Blum sets out to discover, utilizing her anthropological toolkit, why plagiarism seems to have moved from deviant to normative behavior amongst college students. Her concern is not with outright cheating, or the wholesale purchasing of term papers, but rather the seeming inability of students to properly cite sources and give attribution for other peoples ideas and sentences. She seeks not to judge, but to understand, preferring to think about the failure to attribute as a teachable moment. Blum's main conclusions in My Word (and I hesitate to so simplify her complex and nuanced arguments and observations) are:
- Students are mostly confused about attribution and citation, as the rules seem (to them) to be inconsistent, capricious, and illogical.
- The dominant culture that students operate in is a "remix culture", one in which cultural capital is developed and displayed by one's ability to reference and quote from popular culture when interacting with peers. Lines from "The Simpsons" (or perhaps "Jersey Shore", "The Daily Show", or "Glee") contribute to the vernacular of the college sophomore. Footnoting one's cultural references would be beyond uncool. This remix culture does not extend to books or magazines or newspapers.
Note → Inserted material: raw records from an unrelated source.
(* Let $A$ be a commutative noetherian local ring, let $x,y\in A$ be an exact pair of zero divisors, and let $a\in A$. Then there is an isomorphism of $A$-algebras $\operatorname{End}_A(G_a)^{\mathrm{op}}\cong\operatorname{End}_A(H_a)$. In particular, $G_a$ is indecomposable if and only if $H_a$ is indecomposable.
   Context: Two non-units $x,y\in A$ form an exact pair of zero divisors if $\operatorname{Ann}_A(x)=(y)$ and $\operatorname{Ann}_A(y)=(x)$. For $a\in A$, let $\gamma_a=\begin{pmatrix} x & a\\ 0 & y\end{pmatrix}$ and $\eta_a=\begin{pmatrix} y & -a\\ 0 & x\end{pmatrix}$, viewed as $A$-linear maps $A^2\to A^2$ acting on column vectors, and set $G_a=\operatorname{Coker}\gamma_a$, $H_a=\operatorname{Coker}\eta_a$. *)

theory Defs
  imports Main "HOL-Library.Product_Plus"
begin

definition is_ideal :: "'a::comm_ring_1 set \<Rightarrow> bool" where
  "is_ideal I \<longleftrightarrow> 0 \<in> I \<and> (\<forall>u\<in>I. \<forall>v\<in>I. u + v \<in> I) \<and> (\<forall>r. \<forall>u\<in>I. r * u \<in> I)"

definition ideal_gen :: "'a::comm_ring_1 set \<Rightarrow> 'a set" where
  "ideal_gen F = {\<Sum>f\<in>F. c f * f | c. True}"

definition noetherian_ring :: "'a::comm_ring_1 itself \<Rightarrow> bool" where
  "noetherian_ring _ \<longleftrightarrow>
     (\<forall>I::'a set. is_ideal I \<longrightarrow> (\<exists>F. finite F \<and> F \<subseteq> I \<and> I = ideal_gen F))"

definition maximal_ideal :: "'a::comm_ring_1 set \<Rightarrow> bool" where
  "maximal_ideal m \<longleftrightarrow> is_ideal m \<and> m \<noteq> UNIV \<and>
     (\<forall>J. is_ideal J \<and> m \<subseteq> J \<longrightarrow> J = m \<or> J = UNIV)"

definition local_ring :: "'a::comm_ring_1 itself \<Rightarrow> bool" where
  "local_ring _ \<longleftrightarrow> (\<exists>!m::'a set. maximal_ideal m)"

definition Ann :: "'a::comm_ring_1 \<Rightarrow> 'a set" where
  "Ann x = {z. z * x = 0}"

definition principal_ideal :: "'a::comm_ring_1 \<Rightarrow> 'a set" where
  "principal_ideal y = {r * y | r. True}"

definition exact_pair :: "'a::comm_ring_1 \<Rightarrow> 'a \<Rightarrow> bool" where
  "exact_pair x y \<longleftrightarrow> \<not> x dvd 1 \<and> \<not> y dvd 1 \<and>
     Ann x = principal_ideal y \<and> Ann y = principal_ideal x"

definition vsmul :: "'a::comm_ring_1 \<Rightarrow> 'a \<times> 'a \<Rightarrow> 'a \<times> 'a" where
  "vsmul r v = (r * fst v, r * snd v)"

text \<open>gamma_a = [[x, a],[0, y]] acting on column vectors (u,v).\<close>
definition gamma_map :: "'a::comm_ring_1 \<Rightarrow> 'a \<Rightarrow> 'a \<Rightarrow> 'a \<times> 'a \<Rightarrow> 'a \<times> 'a" where
  "gamma_map x y a v = (x * fst v + a * snd v, y * snd v)"

text \<open>eta_a = [[y, -a],[0, x]].\<close>
definition eta_map :: "'a::comm_ring_1 \<Rightarrow> 'a \<Rightarrow> 'a \<Rightarrow> 'a \<times> 'a \<Rightarrow> 'a \<times> 'a" where
  "eta_map x y a v = (y * fst v - a * snd v, x * snd v)"

section \<open>Cokernel A^2 / N as the module of cosets of a submodule N\<close>

definition coset :: "('a::comm_ring_1 \<times> 'a) set \<Rightarrow> 'a \<times> 'a \<Rightarrow> ('a \<times> 'a) set" where
  "coset N v = (\<lambda>n. v + n) ` N"

definition coker :: "('a::comm_ring_1 \<times> 'a) set \<Rightarrow> ('a \<times> 'a) set set" where
  "coker N = range (coset N)"

definition cadd :: "('a::comm_ring_1 \<times> 'a) set \<Rightarrow> ('a \<times> 'a) set \<Rightarrow> ('a \<times> 'a) set \<Rightarrow> ('a \<times> 'a) set" where
  "cadd N S T = {s + t | s t. s \<in> S \<and> t \<in> T}"

definition csmul :: "('a::comm_ring_1 \<times> 'a) set \<Rightarrow> 'a \<Rightarrow> ('a \<times> 'a) set \<Rightarrow> ('a \<times> 'a) set" where
  "csmul N r S = {vsmul r s + n | s n. s \<in> S \<and> n \<in> N}"

definition czero :: "('a::comm_ring_1 \<times> 'a) set \<Rightarrow> ('a \<times> 'a) set" where
  "czero N = coset N 0"

text \<open>G_a and H_a: cokernels of gamma_a and eta_a.\<close>
definition G_mod :: "'a::comm_ring_1 \<Rightarrow> 'a \<Rightarrow> 'a \<Rightarrow> ('a \<times> 'a) set" where
  "G_mod x y a = range (gamma_map x y a)"

definition H_mod :: "'a::comm_ring_1 \<Rightarrow> 'a \<Rightarrow> 'a \<Rightarrow> ('a \<times> 'a) set" where
  "H_mod x y a = range (eta_map x y a)"

type_synonym 'a cset = "('a \<times> 'a) set"

definition End_mod :: "('a::comm_ring_1 \<times> 'a) set \<Rightarrow> ('a cset \<Rightarrow> 'a cset) set" where
  "End_mod N = {f. (\<forall>S\<in>coker N. f S \<in> coker N)
      \<and> (\<forall>S. S \<notin> coker N \<longrightarrow> f S = undefined)
      \<and> (\<forall>S\<in>coker N. \<forall>T\<in>coker N. f (cadd N S T) = cadd N (f S) (f T))
      \<and> (\<forall>r. \<forall>S\<in>coker N. f (csmul N r S) = csmul N r (f S))}"

definition end_comp :: "('a::comm_ring_1 \<times> 'a) set \<Rightarrow> ('a cset \<Rightarrow> 'a cset) \<Rightarrow> ('a cset \<Rightarrow> 'a cset) \<Rightarrow> ('a cset \<Rightarrow> 'a cset)" where
  "end_comp N f g = (\<lambda>S. if S \<in> coker N then f (g S) else undefined)"

definition end_add :: "('a::comm_ring_1 \<times> 'a) set \<Rightarrow> ('a cset \<Rightarrow> 'a cset) \<Rightarrow> ('a cset \<Rightarrow> 'a cset) \<Rightarrow> ('a cset \<Rightarrow> 'a cset)" where
  "end_add N f g = (\<lambda>S. if S \<in> coker N then cadd N (f S) (g S) else undefined)"

definition end_smul :: "('a::comm_ring_1 \<times> 'a) set \<Rightarrow> 'a \<Rightarrow> ('a cset \<Rightarrow> 'a cset) \<Rightarrow> ('a cset \<Rightarrow> 'a cset)" where
  "end_smul N r f = (\<lambda>S. if S \<in> coker N then csmul N r (f S) else undefined)"

definition end_id :: "('a::comm_ring_1 \<times> 'a) set \<Rightarrow> ('a cset \<Rightarrow> 'a cset)" where
  "end_id N = (\<lambda>S. if S \<in> coker N then S else undefined)"

definition end_op_iso :: "('a::comm_ring_1 \<times> 'a) set \<Rightarrow> ('a \<times> 'a) set \<Rightarrow> bool" where
  "end_op_iso N M \<longleftrightarrow> (\<exists>\<Phi>. bij_betw \<Phi> (End_mod N) (End_mod M)
      \<and> (\<forall>f\<in>End_mod N. \<forall>g\<in>End_mod N. \<Phi> (end_comp N f g) = end_comp M (\<Phi> g) (\<Phi> f))
      \<and> (\<forall>f\<in>End_mod N. \<forall>g\<in>End_mod N. \<Phi> (end_add N f g) = end_add M (\<Phi> f) (\<Phi> g))
      \<and> (\<forall>r. \<forall>f\<in>End_mod N. \<Phi> (end_smul N r f) = end_smul M r (\<Phi> f))
      \<and> \<Phi> (end_id N) = end_id M)"

definition is_submod :: "('a::comm_ring_1 \<times> 'a) set \<Rightarrow> 'a cset set \<Rightarrow> bool" where
  "is_submod N P \<longleftrightarrow> P \<subseteq> coker N \<and> czero N \<in> P
     \<and> (\<forall>S\<in>P. \<forall>T\<in>P. cadd N S T \<in> P) \<and> (\<forall>r. \<forall>S\<in>P. csmul N r S \<in> P)"

definition indecomposable :: "('a::comm_ring_1 \<times> 'a) set \<Rightarrow> bool" where
  "indecomposable N \<longleftrightarrow> coker N \<noteq> {czero N}
     \<and> (\<forall>P Q. is_submod N P \<and> is_submod N Q \<and> P \<inter> Q = {czero N}
            \<and> {cadd N S T | S T. S \<in> P \<and> T \<in> Q} = coker N
            \<longrightarrow> P = {czero N} \<or> Q = {czero N})"

end

theory Submission
  imports Defs
begin
lemma gambles_insert_None:
  "gambles (insert None (Some ` I)) (case_option Y X) (case_option UNIV B) (case_option p P)
   = {\<lambda>\<omega>. \<alpha>0 * (Y \<omega> - c0) + g \<omega> | \<alpha>0 c0 g. admissible_bet p \<alpha>0 c0 \<and> g \<in> gambles I X B P}"
  (is "?G' = ?R")
proof
  show "?R \<subseteq> ?G'"
  proof
    fix h assume "h \<in> ?R"
    then obtain \<alpha>0 c0 J \<alpha> c where bet0: "admissible_bet p \<alpha>0 c0"
      and J: "finite J" "J \<subseteq> I" "\<forall>j\<in>J. admissible_bet (P j) (\<alpha> j) (c j)"
      and h: "h = (\<lambda>\<omega>. \<alpha>0 * (Y \<omega> - c0) + gamble X B J \<alpha> c \<omega>)"
      by (auto simp: gambles_def)
    then have "h = gamble (case_option Y X) (case_option UNIV B) (insert None (Some ` J))
                     (case_option \<alpha>0 \<alpha>) (case_option c0 c)"
      by (simp add: fun_eq_iff gamble_insert_None)
    with bet0 J show "h \<in> ?G'"
      unfolding gambles_def
      by (intro CollectI exI[of _ "insert None (Some ` J)"] exI[of _ "case_option \<alpha>0 \<alpha>"]
          exI[of _ "case_option c0 c"]) auto
  qed
next
  show "?G' \<subseteq> ?R"
  proof
    fix h assume "h \<in> ?G'"
    then obtain K \<beta> d where K: "finite K" "K \<subseteq> insert None (Some ` I)"
      and bets: "\<forall>j\<in>K. admissible_bet (case_option p P j) (\<beta> j) (d j)"
      and h: "h = gamble (case_option Y X) (case_option UNIV B) K \<beta> d"
      by (auto simp: gambles_def)
    define J where "J = Some -` K"
    have "finite J"
      using K by (simp add: J_def finite_vimageI)
    \<comment> \<open>Padding \<open>K\<close> with \<open>None\<close> at stake 0 brings it into the shape \<open>insert None (Some ` J)\<close>.\<close>
    have K': "insert None K = insert None (Some ` J)"
      unfolding J_def by (auto elim: option.exhaust_sel)
    obtain \<beta>' d' where bets': "\<forall>j\<in>insert None K. admissible_bet (case_option p P j) (\<beta>' j) (d' j)"
      and h': "h = gamble (case_option Y X) (case_option UNIV B) (insert None K) \<beta>' d'"
      using gamble_pad[of "insert None K" K "case_option p P" \<beta> d "case_option Y X" "case_option UNIV B"]
        K bets h by auto
    have option_eta: "case_option (\<beta>' None) (\<lambda>j. \<beta>' (Some j)) = \<beta>'"
        "case_option (d' None) (\<lambda>j. d' (Some j)) = d'"
      by (auto split: option.split)
    have "h = gamble (case_option Y X) (case_option UNIV B) (insert None (Some ` J))
                (case_option (\<beta>' None) (\<lambda>j. \<beta>' (Some j))) (case_option (d' None) (\<lambda>j. d' (Some j)))"
      by (simp add: h' K' option_eta)
    then have "h = (\<lambda>\<omega>. \<beta>' None * (Y \<omega> - d' None) + gamble X B J (\<lambda>j. \<beta>' (Some j)) (\<lambda>j. d' (Some j)) \<omega>)"
      using \<open>finite J\<close> by (simp add: fun_eq_iff gamble_insert_None)
    moreover have "gamble X B J (\<lambda>j. \<beta>' (Some j)) (\<lambda>j. d' (Some j)) \<in> gambles I X B P"
      using \<open>finite J\<close> K bets' unfolding gambles_def J_def by force
    ultimately show "h \<in> ?R"
      using bets' by auto
  qed
qed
- Academic norms of attribution are particularly alien to undergraduates. Learning to operate in the professorial culture of citation requires learning a new language, one at odds with the prevailing mode of communication and therefore difficult to master.
- Class work (studying, going to class, writing papers etc.) competes with an endless list of social, paid work, entertainment, and volunteer opportunities and obligations that make up the life of a college student. Campuses are "total institutions", where students find the demands on their time to be both enticing and endless. The ethos of "work hard / party hard" best captures student life, a result Blum thinks of a performance culture that has pushed kids to be active achievers since pre-school. The result is that students spend less time on class work than professors would expect and want. Papers are written with an eye towards maximum efficiency, which when combined with Google and competing deadlines, often results in un-sourced and un-attributed quotes and ideas finding there way into final drafts.
- The medium of the long-from (10 to 20 page paper) feels foreign and disconnected to the present and future work demands for almost all students. Comparable, perhaps, to speaking and reading in Latin. The disconnect between students fluency in absorbing, interacting with and creating rich media - and professors comfort with the long-form writing, is growing with each new class. Does Quentin Tarantino footnote his movies? Do the kids on Glee stop to give credit to the original artist for the songs they sing?
The solution, for Blum, is to take the time to engage issues around plagiarism and citation directly with our students. It may be necessary to craft different types of assignments, such as media mashups, ones that speak more directly to the cultural (and future employment skill concerns) of students. We should face the problem head on, and involve our students in coming up with a solution. The practice of hauling students into judicial proceedings for non-attribution is too close to the RIAA's strategy of suing individual college students, both unfair and ineffective in stemming the tide.
After reading My Word, it will be difficult to think of plagiarism through our traditional professorial lens.